DatabaseDesign

This page contains notes about database design. For the moment the page is a stub.

Web programming with PHP

This section contains notes I took while I was coding Little Go for the Web.

General Database access principles:

Only use prepared statements to prevent SQL injection attacks.
Whenever reading data from the database that may have been supplied by a user, that data is immediately put through htmlspecialchars() to prevent XSS attacks.

The following notes target MariaDB:

All ID columns are numeric and have type bigint to prevent overflows.
All ID columns use AUTO_INCREMENT so that the code does not have to deal with generating new IDs.
The session key is defined using 128 characters length to guarantee sufficient space to store the session ID generated by the PHP function session_id(). The length of such a session ID is variable and depends on various configuration elements in php.ini, among them the hash algorithm. I didn't decide on length 128 because of any official documentation, but because of a user comment in the PHP docs for session_id(). Originally I had planned to use a UUID as the session key, in that case it would have been sufficient to use length 36 for the session key.
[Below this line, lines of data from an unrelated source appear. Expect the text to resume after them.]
(* Let $0<\alpha<1$, $\lambda\ge 0$, $v>0$, $D>0$, $T>0$, $L>0$, integers $n\ge 1$, $K\ge 2$, grading exponent $r\ge 1$, and let $h=L/K$, $x_i=ih$, $t_j=(j/n)^rT$, $\tau_j=t_{j+1}-t_j$. Consider the implicit scheme: for $i=1,\ldots,K-1$, $l=1,\ldots,n$, $$\frac{1}{\Gamma(2-\alpha)}\sum_{j=0}^{l-1} \tau_{j}^{-\alpha}a_{j,l}\left(Y_i^{j+1}-Y_i^{j}\right)=-v \frac{Y_{i+1}^l-Y_{i-1}^l}{2h}+D\frac{Y_{i+1}^l-2Y_{i}^l+Y_{i-1}^l}{h^2}+e^{\lambda t_l}f_i^l,$$ with $Y_0^l=Y_K^l=0$ for $l=1,\ldots,n$ and initial values $Y_i^0=g(x_i)$, $i=1,\ldots,K-1$, where $$a_{j,k}=\left( \frac{k^r-j^r}{(j+1)^r-j^r}\right)^{1-\alpha}-\left(\frac{k^r-(j+1)^r}{(j+1)^r-j^r}\right)^{1-\alpha}.$$ If $h<\frac{2D}{v}$, then the scheme is stable in the following sense: if $(Y_i^l)$ and $(\tilde Y_i^l)$ are the solutions of the scheme corresponding to initial data $g$ and $\tilde g$ respectively (with the same $f_i^l$), and $\epsilon_i^l=Y_i^l-\tilde Y_i^l$, $\|E^l\|_\infty=\max_{1\le i\le K-1}|\epsilon_i^l|$, then $\|E^l\|_\infty\le \|E^0\|_\infty$ for all $l=1,\ldots,n$.
   Context: The scheme approximates the solution $y$ of $D_t^{\alpha}y=-v\,\partial_x y+D\,\partial_x^2 y+e^{\lambda t}f(x,t)$ on $(0,L)\times(0,T]$, $y(x,0)=g(x)$, $y(0,t)=y(L,t)=0$, where $D_t^\alpha$ is the Caputo derivative $D_t^\alpha y(t)=\frac{1}{\Gamma(1-\alpha)}\int_0^t (t-s)^{-\alpha}y'(s)\,ds$; here $f_i^l=f(x_i,t_l)$ and $f,g$ are continuous. The function $u=e^{-\lambda t}y$ then solves the tempered problem $\mathbb{D}_t^{\alpha,\lambda}u=-v\partial_xu+D\partial_x^2u+f$ with tempered Caputo derivative $\mathbb{D}_t^{\alpha,\lambda}u=e^{-\lambda t}D_t^\alpha(e^{\lambda t}u)$. *)

theory Defs
  imports "HOL-Analysis.Analysis"
begin

definition tgrid :: "real \<Rightarrow> nat \<Rightarrow> real \<Rightarrow> nat \<Rightarrow> real" where
  "tgrid T n r j = (real j / real n) powr r * T"

definition tstep :: "real \<Rightarrow> nat \<Rightarrow> real \<Rightarrow> nat \<Rightarrow> real" where
  "tstep T n r j = tgrid T n r (Suc j) - tgrid T n r j"

definition xgrid :: "real \<Rightarrow> nat \<Rightarrow> nat \<Rightarrow> real" where
  "xgrid L K i = real i * (L / real K)"

definition acoef :: "real \<Rightarrow> real \<Rightarrow> nat \<Rightarrow> nat \<Rightarrow> real" where
  "acoef \<alpha> r j k =
     ((real k powr r - real j powr r) / (real (Suc j) powr r - real j powr r)) powr (1 - \<alpha>)
   - ((real k powr r - real (Suc j) powr r) / (real (Suc j) powr r - real j powr r)) powr (1 - \<alpha>)"

text \<open>Y (indexed Y i l, space index i, time index l) solves the implicit scheme
  with source values f(x_i,t_l) and initial data g.\<close>
definition scheme_sol ::
  "real \<Rightarrow> real \<Rightarrow> real \<Rightarrow> real \<Rightarrow> real \<Rightarrow> real \<Rightarrow> nat \<Rightarrow> nat \<Rightarrow> real
   \<Rightarrow> (real \<Rightarrow> real \<Rightarrow> real) \<Rightarrow> (real \<Rightarrow> real) \<Rightarrow> (nat \<Rightarrow> nat \<Rightarrow> real) \<Rightarrow> bool" where
  "scheme_sol \<alpha> lam v D T L n K r f g Y \<longleftrightarrow>
     (\<forall>l\<in>{1..n}. Y 0 l = 0 \<and> Y K l = 0) \<and>
     (\<forall>i\<in>{1..K-1}. Y i 0 = g (xgrid L K i)) \<and>
     (\<forall>i\<in>{1..K-1}. \<forall>l\<in>{1..n}.
        (1 / Gamma (2 - \<alpha>)) *
          (\<Sum>j<l. tstep T n r j powr (-\<alpha>) * acoef \<alpha> r j l * (Y i (Suc j) - Y i j))
        = - v * (Y (i+1) l - Y (i-1) l) / (2 * (L / real K))
          + D * (Y (i+1) l - 2 * Y i l + Y (i-1) l) / (L / real K)^2
          + exp (lam * tgrid T n r l) * f (xgrid L K i) (tgrid T n r l))"

definition errnorm :: "nat \<Rightarrow> (nat \<Rightarrow> nat \<Rightarrow> real) \<Rightarrow> (nat \<Rightarrow> nat \<Rightarrow> real) \<Rightarrow> nat \<Rightarrow> real" where
  "errnorm K Y Y' l = Max ((\<lambda>i. \<bar>Y i l - Y' i l\<bar>) ` {1..K-1})"

end

theory Submission
  imports Defs
begin

text \<open>Subtracting the two schemes, the error \<open>\<epsilon>\<close> solves the scheme with zero source.
  On the graded mesh the weight \<open>c\<^sub>j\<close> of the increment \<open>\<epsilon>\<^sup>j\<^sup>+\<^sup>1 - \<epsilon>\<^sup>j\<close> at level \<open>l\<close> is a
  positive multiple of a secant slope of the concave function \<open>s \<mapsto> s\<^sup>1\<^sup>-\<^sup>\<alpha>\<close> over
  \<open>[l\<^sup>r - (j+1)\<^sup>r, l\<^sup>r - j\<^sup>r]\<close>, so the weights are positive and nondecreasing in \<open>j\<close>.
  Summation by parts therefore writes the discrete Caputo derivative as \<open>c\<^sub>l\<^sub>-\<^sub>1 \<epsilon>\<^sup>l\<close>
  minus a combination of earlier errors whose nonnegative coefficients add up to \<open>c\<^sub>l\<^sub>-\<^sub>1\<close>.
  For \<open>h < 2D/v\<close> both neighbour coefficients of the central difference operator are
  nonnegative, so at a node where \<open>|\<epsilon>\<^sup>l|\<close> is maximal the equation yields a discrete
  maximum principle \<open>\<parallel>E\<^sup>l\<parallel> \<le> max\<^sub>j\<^sub><\<^sub>l \<parallel>E\<^sup>j\<parallel>\<close>; induction on \<open>l\<close> concludes.\<close>

lemma powr_le_tangent:
  fixes b q x :: real
  assumes "0 < b" "b < 1" "0 < q" "0 \<le> x"
  shows "x powr b \<le> q powr b + b * q powr (b - 1) * (x - q)"
proof (cases "x = 0")
  case True
  have "q powr (b - 1) * q = q powr b"
    using assms by (simp add: powr_diff)
  moreover have "b * q powr b \<le> q powr b"
    using mult_right_mono[of b 1 "q powr b"] assms by simp
  ultimately show ?thesis
    using True by (simp add: algebra_simps)
next
  case False
  have young: "x powr b * q powr (1 - b) \<le> b * x + (1 - b) * q"
    using Youngs_inequality_0[of b "1 - b" x q] assms False by simp
  have "q powr (1 - b) * q powr (b - 1) = 1"
    using assms by (simp flip: powr_add)
  then have "x powr b = x powr b * q powr (1 - b) * q powr (b - 1)"
    by (simp add: mult.assoc)
  also have "\<dots> \<le> (b * x + (1 - b) * q) * q powr (b - 1)"
    using young by (simp add: mult_right_mono)
  also have "\<dots> = q powr b + b * q powr (b - 1) * (x - q)"
    using assms by (simp add: powr_diff field_simps)
  finally show ?thesis .
qed

lemma powr_secant_slope_antimono:
  fixes b p q w :: real
  assumes "0 < b" "b < 1" "0 \<le> w" "w < q" "q < p"
  shows "(p powr b - q powr b) / (p - q) \<le> (q powr b - w powr b) / (q - w)"
proof -
  have q: "0 < q" using assms by simp
  have "(p powr b - q powr b) / (p - q) \<le> b * q powr (b - 1)"
    using powr_le_tangent[OF assms(1,2) q, of p] assms by (simp add: divide_le_eq)
  also have "\<dots> \<le> (q powr b - w powr b) / (q - w)"
    using powr_le_tangent[OF assms(1,2) q, of w] assms
    by (simp add: le_divide_eq right_diff_distrib)
  finally show ?thesis .
qed

lemma tstep_eq:
  assumes "0 < r"
  shows "tstep T n r j = T / real n powr r * (real (Suc j) powr r - real j powr r)"
proof -
  have "tgrid T n r k = T / real n powr r * real k powr r" for k
    using assms by (simp add: tgrid_def powr_divide)
  then show ?thesis
    by (simp add: tstep_def right_diff_distrib)
qed

lemma tstep_powr_acoef_eq:
  fixes a r T :: real
  assumes "0 \<le> T" "0 < r" "j < l"
  shows "tstep T n r j powr (-a) * acoef a r j l =
    (T / real n powr r) powr (-a) *
     (((real l powr r - real j powr r) powr (1 - a) - (real l powr r - real (Suc j) powr r) powr (1 - a))
       / (real (Suc j) powr r - real j powr r))"
proof -
  define d where "d = real (Suc j) powr r - real j powr r"
  define C where "C = T / real n powr r"
  define U where "U = real l powr r"
  have d: "0 < d"
    unfolding d_def using assms by (simp add: powr_less_mono2)
  have U: "real j powr r \<le> U" "real (Suc j) powr r \<le> U"
    unfolding U_def using assms by (simp_all add: powr_mono2)
  have "tstep T n r j = C * d"
    using assms by (simp add: tstep_eq C_def d_def)
  moreover have "0 \<le> C"
    using assms by (simp add: C_def)
  ultimately have tstep_powr: "tstep T n r j powr (-a) = C powr (-a) * d powr (-a)"
    using d by (simp add: powr_mult)
  have acoef_eq: "acoef a r j l =
      ((U - real j powr r) powr (1 - a) - (U - real (Suc j) powr r) powr (1 - a)) / d powr (1 - a)"
    unfolding acoef_def U_def[symmetric] d_def[symmetric]
    using U d powr_divide[of "U - real j powr r" d "1 - a"]
      powr_divide[of "U - real (Suc j) powr r" d "1 - a"]
    by (simp add: diff_divide_distrib)
  have d_powr: "d powr (-a) / d powr (1 - a) = 1 / d"
    using d by (simp add: powr_minus_divide divide_simps flip: powr_add)
  have "tstep T n r j powr (-a) * acoef a r j l = C powr (-a) * (d powr (-a) / d powr (1 - a)) *
      ((U - real j powr r) powr (1 - a) - (U - real (Suc j) powr r) powr (1 - a))"
    unfolding tstep_powr acoef_eq by simp
  also have "\<dots> = C powr (-a) *
      (((U - real j powr r) powr (1 - a) - (U - real (Suc j) powr r) powr (1 - a)) / d)"
    unfolding d_powr by simp
  finally show ?thesis
    unfolding C_def U_def d_def .
qed

definition l1_weight :: "real \<Rightarrow> real \<Rightarrow> nat \<Rightarrow> real \<Rightarrow> nat \<Rightarrow> nat \<Rightarrow> real" where
  "l1_weight \<alpha> T n r l j = tstep T n r j powr (-\<alpha>) * acoef \<alpha> r j l / Gamma (2 - \<alpha>)"

lemma l1_weight_pos:
  fixes \<alpha> r T :: real
  assumes "0 < \<alpha>" "\<alpha> < 1" "0 < r" "0 < T" "1 \<le> n" "j < l"
  shows "0 < l1_weight \<alpha> T n r l j"
proof -
  have "real j powr r < real (Suc j) powr r" "real (Suc j) powr r \<le> real l powr r"
    using assms by (simp_all add: powr_less_mono2 powr_mono2)
  then have "(real l powr r - real (Suc j) powr r) powr (1 - \<alpha>)
      < (real l powr r - real j powr r) powr (1 - \<alpha>)"
    using assms by (intro powr_less_mono2) auto
  then show ?thesis
    using assms \<open>real j powr r < _\<close>
    by (simp add: l1_weight_def tstep_powr_acoef_eq)
qed

lemma l1_weight_mono:
  fixes \<alpha> r T :: real
  assumes "0 < \<alpha>" "\<alpha> < 1" "0 < r" "0 < T" "1 \<le> n" "Suc j < l"
  shows "l1_weight \<alpha> T n r l j \<le> l1_weight \<alpha> T n r l (Suc j)"
proof -
  define U where "U = real l powr r"
  have "real j powr r < real (Suc j) powr r" "real (Suc j) powr r < real (Suc (Suc j)) powr r"
    "real (Suc (Suc j)) powr r \<le> U"
    unfolding U_def using assms by (simp_all add: powr_less_mono2 powr_mono2)
  then have "((U - real j powr r) powr (1 - \<alpha>) - (U - real (Suc j) powr r) powr (1 - \<alpha>))
        / ((U - real j powr r) - (U - real (Suc j) powr r))
      \<le> ((U - real (Suc j) powr r) powr (1 - \<alpha>) - (U - real (Suc (Suc j)) powr r) powr (1 - \<alpha>))
        / ((U - real (Suc j) powr r) - (U - real (Suc (Suc j)) powr r))"
    using assms by (intro powr_secant_slope_antimono) auto
  then have "tstep T n r j powr (-\<alpha>) * acoef \<alpha> r j l
      \<le> tstep T n r (Suc j) powr (-\<alpha>) * acoef \<alpha> r (Suc j) l"
    using assms Suc_lessD[OF assms(6)]
    by (simp add: tstep_powr_acoef_eq U_def mult_left_mono flip: times_divide_eq_right)
  then show ?thesis
    unfolding l1_weight_def using assms by (simp add: divide_right_mono)
qed

lemma sum_weighted_increments_by_parts:
  fixes c E :: "nat \<Rightarrow> real"
  shows "(\<Sum>j<Suc m. c j * (E (Suc j) - E j))
    = c m * E (Suc m) - (c 0 * E 0 + (\<Sum>j<m. (c (Suc j) - c j) * E (Suc j)))"
  by (induction m) (simp_all add: algebra_simps)

lemma history_bound_mono_weights:
  fixes c E :: "nat \<Rightarrow> real"
  assumes "0 \<le> c 0" "\<And>j. j < m \<Longrightarrow> c j \<le> c (Suc j)" "\<And>j. j \<le> m \<Longrightarrow> \<bar>E j\<bar> \<le> M"
  shows "\<bar>c 0 * E 0 + (\<Sum>j<m. (c (Suc j) - c j) * E (Suc j))\<bar> \<le> c m * M"
proof -
  have "\<bar>c 0 * E 0 + (\<Sum>j<m. (c (Suc j) - c j) * E (Suc j))\<bar>
      \<le> \<bar>c 0 * E 0\<bar> + (\<Sum>j<m. \<bar>(c (Suc j) - c j) * E (Suc j)\<bar>)"
    using abs_triangle_ineq[of "c 0 * E 0" "\<Sum>j<m. (c (Suc j) - c j) * E (Suc j)"]
      sum_abs[of "\<lambda>j. (c (Suc j) - c j) * E (Suc j)" "{..<m}"] by linarith
  also have "\<dots> \<le> c 0 * M + (\<Sum>j<m. (c (Suc j) - c j) * M)"
    using assms by (intro add_mono sum_mono) (auto simp: abs_mult intro!: mult_left_mono)
  also have "\<dots> = c m * M"
    by (simp add: sum_lessThan_telescope flip: sum_distrib_right) (simp add: algebra_simps)
  finally show ?thesis .
qed

lemma abs_le_by_maximum_principle:
  fixes c A B x y z R M :: real
  assumes "0 < c" "0 \<le> A" "0 \<le> B" "(c + A + B) * x = A * y + B * z + R"
    and "\<bar>y\<bar> \<le> \<bar>x\<bar>" "\<bar>z\<bar> \<le> \<bar>x\<bar>" "\<bar>R\<bar> \<le> c * M"
  shows "\<bar>x\<bar> \<le> M"
proof -
  have "(c + A + B) * \<bar>x\<bar> = \<bar>A * y + B * z + R\<bar>"
    using assms(1-3) by (simp flip: assms(4) add: abs_mult)
  also have "\<dots> \<le> A * \<bar>y\<bar> + B * \<bar>z\<bar> + \<bar>R\<bar>"
    using assms(2,3) abs_triangle_ineq[of "A * y + B * z" R] abs_triangle_ineq[of "A * y" "B * z"]
    by (simp add: abs_mult)
  also have "\<dots> \<le> (A + B) * \<bar>x\<bar> + c * M"
    using assms(2,3,5-7) mult_left_mono[of "\<bar>y\<bar>" "\<bar>x\<bar>" A] mult_left_mono[of "\<bar>z\<bar>" "\<bar>x\<bar>" B]
    by (simp add: algebra_simps)
  finally show ?thesis
    using assms(1) by (simp add: algebra_simps)
qed

lemma abs_le_errnorm: "i \<in> {1..K-1} \<Longrightarrow> \<bar>Y i l - Y' i l\<bar> \<le> errnorm K Y Y' l"
  unfolding errnorm_def by (intro Max_ge) auto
Unfortunately PHP does not have a built-in function to generate UUIDs, and since I didn't want to use a separate PHP library just for generating UUIDs, I decided to fall back on session_id().
For time data I am using a numeric column to store the number of seconds since 1 January 1970. The data type should be bigint to get around the Y2038 problem. In the PHP code, however, I'm using the data type int because that is the data type returned by the time() function. The size of PHP's int is platform dependent.